What difference did any of it make? Jane Austen had been dead for almost two
hundred years. Still, the undisputed icon of witty English romance had kissed
him whether she loved him or not. He still had to pinch himself to believe it
had ever happened.
He had no such
questions about Eliza. Everything felt right when he was with her. This was no
fling. He had no idea where they were headed, but for the first time in years
he was looking forward to the rest of his life. As long as Eliza was with him
he didn’t care where they were headed.
Fitz and Lord
Nelson crossed the bridge at a leisurely gait; the ground fog was burning off
in the warm morning sun. Had it really been only two days since he and the
great stallion were galloping across the bridge before the fog had lifted and
run Eliza off the road and into a muddy drainage ditch?

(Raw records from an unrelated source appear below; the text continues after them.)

(* If \(D\) is a dagger algebra, then so is \(D'\), the algebra \(D\) equipped with the compactoid bornology.
   Context: Let \(V\) be a complete discrete valuation ring with uniformiser \(\pi\). A bornology on a set is a collection of subsets (called bounded) containing all finite subsets and closed under finite unions and under taking subsets. A bornological \(V\)-module is a \(V\)-module with a bornology such that every bounded subset is contained in a bounded \(V\)-submodule; it is complete if every bounded subset is contained in a bounded \(\pi\)-adically complete \(V\)-submodule, and torsionfree if it is torsionfree as a \(V\)-module and \(\pi^{-1}S=\{x:\pi x\in S\}\) is bounded for every bounded \(S\). A bornological \(V\)-algebra is a \(V\)-algebra with such a bornology for which multiplication is bounded; it is semidagger if for every bounded \(S\), the \(V\)-submodule \(\sum_{i\ge 0}\pi^iS^{i+1}\) is bounded. A dagger algebra is a complete, torsionfree, semidagger bornological \(V\)-algebra. A subset \(S\subseteq D\) is compactoid if there is a bounded \(V\)-submodule \(T\subseteq D\) with \(S\subseteq T\) such that for every \(n\in\mathbb N\) there is a finite set \(F_n\subseteq T\) with \(S\subseteq VF_n+\pi^nT\). *)

theory Defs
  imports Main "HOL.Modules"
begin

text \<open>Complete discrete valuation ring V (an integral domain) with uniformiser pi:
  pi is a nonzero non-unit, every nonzero element is a unit times a power of pi,
  and V is pi-adically complete (it is automatically pi-adically separated).\<close>
definition complete_dvr :: "'v::idom \<Rightarrow> bool" where
  "complete_dvr pi \<longleftrightarrow> pi \<noteq> 0 \<and> \<not> pi dvd 1 \<and>
     (\<forall>x. x \<noteq> 0 \<longrightarrow> (\<exists>u n. u dvd 1 \<and> x = u * pi ^ n)) \<and>
     (\<forall>x :: nat \<Rightarrow> 'v. (\<forall>n. pi ^ n dvd (x (Suc n) - x n)) \<longrightarrow>
        (\<exists>y. \<forall>n. pi ^ n dvd (y - x n)))"

definition pmul :: "('v::comm_ring_1 \<Rightarrow> 'd \<Rightarrow> 'd) \<Rightarrow> 'v \<Rightarrow> nat \<Rightarrow> 'd set \<Rightarrow> 'd set" where
  "pmul smul pi n T = (\<lambda>t. smul (pi ^ n) t) ` T"

definition bornology :: "'d set set \<Rightarrow> bool" where
  "bornology B \<longleftrightarrow> (\<forall>F. finite F \<longrightarrow> F \<in> B) \<and> (\<forall>S\<in>B. \<forall>T\<in>B. S \<union> T \<in> B) \<and>
     (\<forall>S\<in>B. \<forall>T. T \<subseteq> S \<longrightarrow> T \<in> B)"

definition padic_complete :: "('v::comm_ring_1 \<Rightarrow> 'd::ab_group_add \<Rightarrow> 'd) \<Rightarrow> 'v \<Rightarrow> 'd set \<Rightarrow> bool" where
  "padic_complete smul pi T \<longleftrightarrow> (\<Inter>n. pmul smul pi n T) \<subseteq> {0} \<and>
     (\<forall>x :: nat \<Rightarrow> 'd. (\<forall>n. x n \<in> T) \<and> (\<forall>n. x (Suc n) - x n \<in> pmul smul pi n T) \<longrightarrow>
        (\<exists>y\<in>T. \<forall>n. y - x n \<in> pmul smul pi n T))"

definition born_module :: "('v::comm_ring_1 \<Rightarrow> 'd::ab_group_add \<Rightarrow> 'd) \<Rightarrow> 'd set set \<Rightarrow> bool" where
  "born_module smul B \<longleftrightarrow> module smul \<and> bornology B \<and>
     (\<forall>S\<in>B. \<exists>T\<in>B. S \<subseteq> T \<and> module.subspace smul T)"

definition born_complete :: "('v::comm_ring_1 \<Rightarrow> 'd::ab_group_add \<Rightarrow> 'd) \<Rightarrow> 'v \<Rightarrow> 'd set set \<Rightarrow> bool" where
  "born_complete smul pi B \<longleftrightarrow>
     (\<forall>S\<in>B. \<exists>T\<in>B. S \<subseteq> T \<and> module.subspace smul T \<and> padic_complete smul pi T)"

definition born_torsionfree :: "('v::comm_ring_1 \<Rightarrow> 'd::ab_group_add \<Rightarrow> 'd) \<Rightarrow> 'v \<Rightarrow> 'd set set \<Rightarrow> bool" where
  "born_torsionfree smul pi B \<longleftrightarrow> (\<forall>a x. a \<noteq> 0 \<longrightarrow> smul a x = 0 \<longrightarrow> x = 0) \<and>
     (\<forall>S\<in>B. {x. smul pi x \<in> S} \<in> B)"

definition born_algebra :: "('v::comm_ring_1 \<Rightarrow> 'd::ring \<Rightarrow> 'd) \<Rightarrow> 'd set set \<Rightarrow> bool" where
  "born_algebra smul B \<longleftrightarrow> born_module smul B \<and>
     (\<forall>a x y. smul a (x * y) = smul a x * y \<and> smul a (x * y) = x * smul a y) \<and>
     (\<forall>S\<in>B. \<forall>T\<in>B. {s * t | s t. s \<in> S \<and> t \<in> T} \<in> B)"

He hadn’t even realized
she was there until it had happened. When he did, he brought Nelson to a stop
and, without questioning who she was or why she was walking along a road on his
property, he had lifted her onto Lord Nelson’s back and then swung up behind
her. She was slightly light headed from the sudden fall, and once on the horse
she had leaned against his chest and he’d had to control a strong desire to
kiss the top of her head. He still didn’t understand how a complete stranger
could make him feel that way, but he didn’t really care. From the first moment,
being with her felt right and wonderful and that was all that mattered.
She had touched
something in him that no one else ever had, including Jane, even before he knew
her. At the Austen exhibit at the New York Public Library he had found himself
staring at her. He laughed remembering that he had thought of her as a
raven-haired beauty. Then two days ago she had come out of the fog and into his
life.
He had told her
his story about jumping through a rift in time and meeting Jane Austen. It had
been very difficult at first, but once he started it tumbled out and had been a
relief that he wasn’t carrying it around anymore. It was as though a weight had
been lifted and this slight, feisty New Yorker had done the lifting. She had
listened to him with an intensity that had made her a part of the story. She
had been kind and compassionate—he had seen real grief when she asked him about
leaving Jane—and she had given him the letter that answered his questions about
whether he’d actually met Jane Austen and how Jane felt about him.
Jane would
always hold a special place in his heart, but Eliza held his heart. Maybe it
was too early to take it all for love, but it certainly felt the way he'd
always thought love is supposed to feel.
Horse and rider
stepped out from the cool canopy of the woods and into the warm summer sun.
Spurring his favorite horse to a full gallop Fitz guided him over every fence
and stream on their way back to the barn.